**** Data to use ****
lemma filter_gain_mult_output_vec:
  assumes inv: "invertible (obsv_mat c A)"
  shows "filter_gain c A v *v c = v"
proof -
  have "transpose (ctrb_mat A v) *v c = obsv_mat c A *v v"
    by (simp add: vec_eq_iff transpose_ctrb_mat_mult_vec obsv_mat_mult_vec inner_commute
        del: transpose_matrix_vector)
  then have "filter_gain c A v *v c = (matrix_inv (obsv_mat c A) ** obsv_mat c A) *v v"
    by (simp add: filter_gain_def flip: matrix_vector_mul_assoc del: transpose_matrix_vector)
  then show ?thesis
    using inv by (simp add: matrix_inv_left)
qed

lemma ctrb_estimate_eq_filter_gain:
  "(matrix_inv (obsv_mat c A) ** transpose (ctrb_mat (transpose A) w)) *v v = filter_gain c A v *v w"
  by (simp add: filter_gain_def transpose_ctrb_mat_swap flip: matrix_vector_mul_assoc
      del: transpose_matrix_vector)

lemma filter_gain_has_vector_derivative:
  assumes inv: "invertible (obsv_mat c A)"
    and filter: "(\<theta> has_vector_derivative (transpose A *v \<theta> t + r *\<^sub>R c)) F"
  shows "((\<lambda>s. filter_gain c A v *v \<theta> s)
           has_vector_derivative (A *v (filter_gain c A v *v \<theta> t) + r *\<^sub>R v)) F"
proof -
  have "((\<lambda>s. filter_gain c A v *v \<theta> s) has_vector_derivative
          filter_gain c A v *v (transpose A *v \<theta> t + r *\<^sub>R c)) F"
    using filter by (rule bounded_linear.has_vector_derivative[OF matrix_vector_mul_bounded_linear])
  then show ?thesis
    using filter_gain_intertwines[OF inv] filter_gain_mult_output_vec[OF inv]
    by (simp add: matrix_vector_right_distrib matrix_vector_mult_scaleR matrix_vector_mul_assoc
        del: transpose_matrix_vector)
qed
lemma incident_edges_closed_set:
  assumes "\<forall>e\<in>E. card e = 2" "\<forall>x\<in>C. neighbours E x \<subseteq> C"
  shows "{e\<in>E. e \<inter> C \<noteq> {}} = {e\<in>E. e \<subseteq> C}"
proof (intro equalityI subsetI)
  fix e assume "e \<in> {e\<in>E. e \<inter> C \<noteq> {}}"
  then have e: "e \<in> E" "e \<inter> C \<noteq> {}" by auto
  then obtain x y where "e = {x, y}" using assms(1) card_2_iff by metis
  moreover have "{y, x} \<in> E" using e calculation by (simp add: insert_commute)
  ultimately show "e \<in> {e\<in>E. e \<subseteq> C}" using e assms(2) by (auto simp: neighbours_def)
next
  fix e assume "e \<in> {e\<in>E. e \<subseteq> C}"
  moreover from this have "e \<noteq> {}" using assms(1) by force
  ultimately show "e \<in> {e\<in>E. e \<inter> C \<noteq> {}}" by (auto simp: Int_absorb2)
qed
****
> [Exercise aim]
Transcribe the whole listing exactly.

> [Worked solution]
lemma filter_gain_mult_output_vec:
  assumes inv: "invertible (obsv_mat c A)"
  shows "filter_gain c A v *v c = v"
proof -
  have "transpose (ctrb_mat A v) *v c = obsv_mat c A *v v"
    by (simp add: vec_eq_iff transpose_ctrb_mat_mult_vec obsv_mat_mult_vec inner_commute
        del: transpose_matrix_vector)
  then have "filter_gain c A v *v c = (matrix_inv (obsv_mat c A) ** obsv_mat c A) *v v"
    by (simp add: filter_gain_def flip: matrix_vector_mul_assoc del: transpose_matrix_vector)
  then show ?thesis
    using inv by (simp add: matrix_inv_left)
qed

lemma ctrb_estimate_eq_filter_gain:
  "(matrix_inv (obsv_mat c A) ** transpose (ctrb_mat (transpose A) w)) *v v = filter_gain c A v *v w"
  by (simp add: filter_gain_def transpose_ctrb_mat_swap flip: matrix_vector_mul_assoc
      del: transpose_matrix_vector)

lemma filter_gain_has_vector_derivative:
  assumes inv: "invertible (obsv_mat c A)"
    and filter: "(\<theta> has_vector_derivative (transpose A *v \<theta> t + r *\<^sub>R c)) F"
  shows "((\<lambda>s. filter_gain c A v *v \<theta> s)
           has_vector_derivative (A *v (filter_gain c A v *v \<theta> t) + r *\<^sub>R v)) F"
proof -
  have "((\<lambda>s. filter_gain c A v *v \<theta> s) has_vector_derivative
          filter_gain c A v *v (transpose A *v \<theta> t + r *\<^sub>R c)) F"
    using filter by (rule bounded_linear.has_vector_derivative[OF matrix_vector_mul_bounded_linear])
  then show ?thesis
    using filter_gain_intertwines[OF inv] filter_gain_mult_output_vec[OF inv]
    by (simp add: matrix_vector_right_distrib matrix_vector_mult_scaleR matrix_vector_mul_assoc
        del: transpose_matrix_vector)
qed
lemma incident_edges_closed_set:
  assumes "\<forall>e\<in>E. card e = 2" "\<forall>x\<in>C. neighbours E x \<subseteq> C"
  shows "{e\<in>E. e \<inter> C \<noteq> {}} = {e\<in>E. e \<subseteq> C}"
proof (intro equalityI subsetI)
  fix e assume "e \<in> {e\<in>E. e \<inter> C \<noteq> {}}"
  then have e: "e \<in> E" "e \<inter> C \<noteq> {}" by auto
  then obtain x y where "e = {x, y}" using assms(1) card_2_iff by metis
  moreover have "{y, x} \<in> E" using e calculation by (simp add: insert_commute)
  ultimately show "e \<in> {e\<in>E. e \<subseteq> C}" using e assms(2) by (auto simp: neighbours_def)
next
  fix e assume "e \<in> {e\<in>E. e \<subseteq> C}"
  moreover from this have "e \<noteq> {}" using assms(1) by force
  ultimately show "e \<in> {e\<in>E. e \<inter> C \<noteq> {}}" by (auto simp: Int_absorb2)
qed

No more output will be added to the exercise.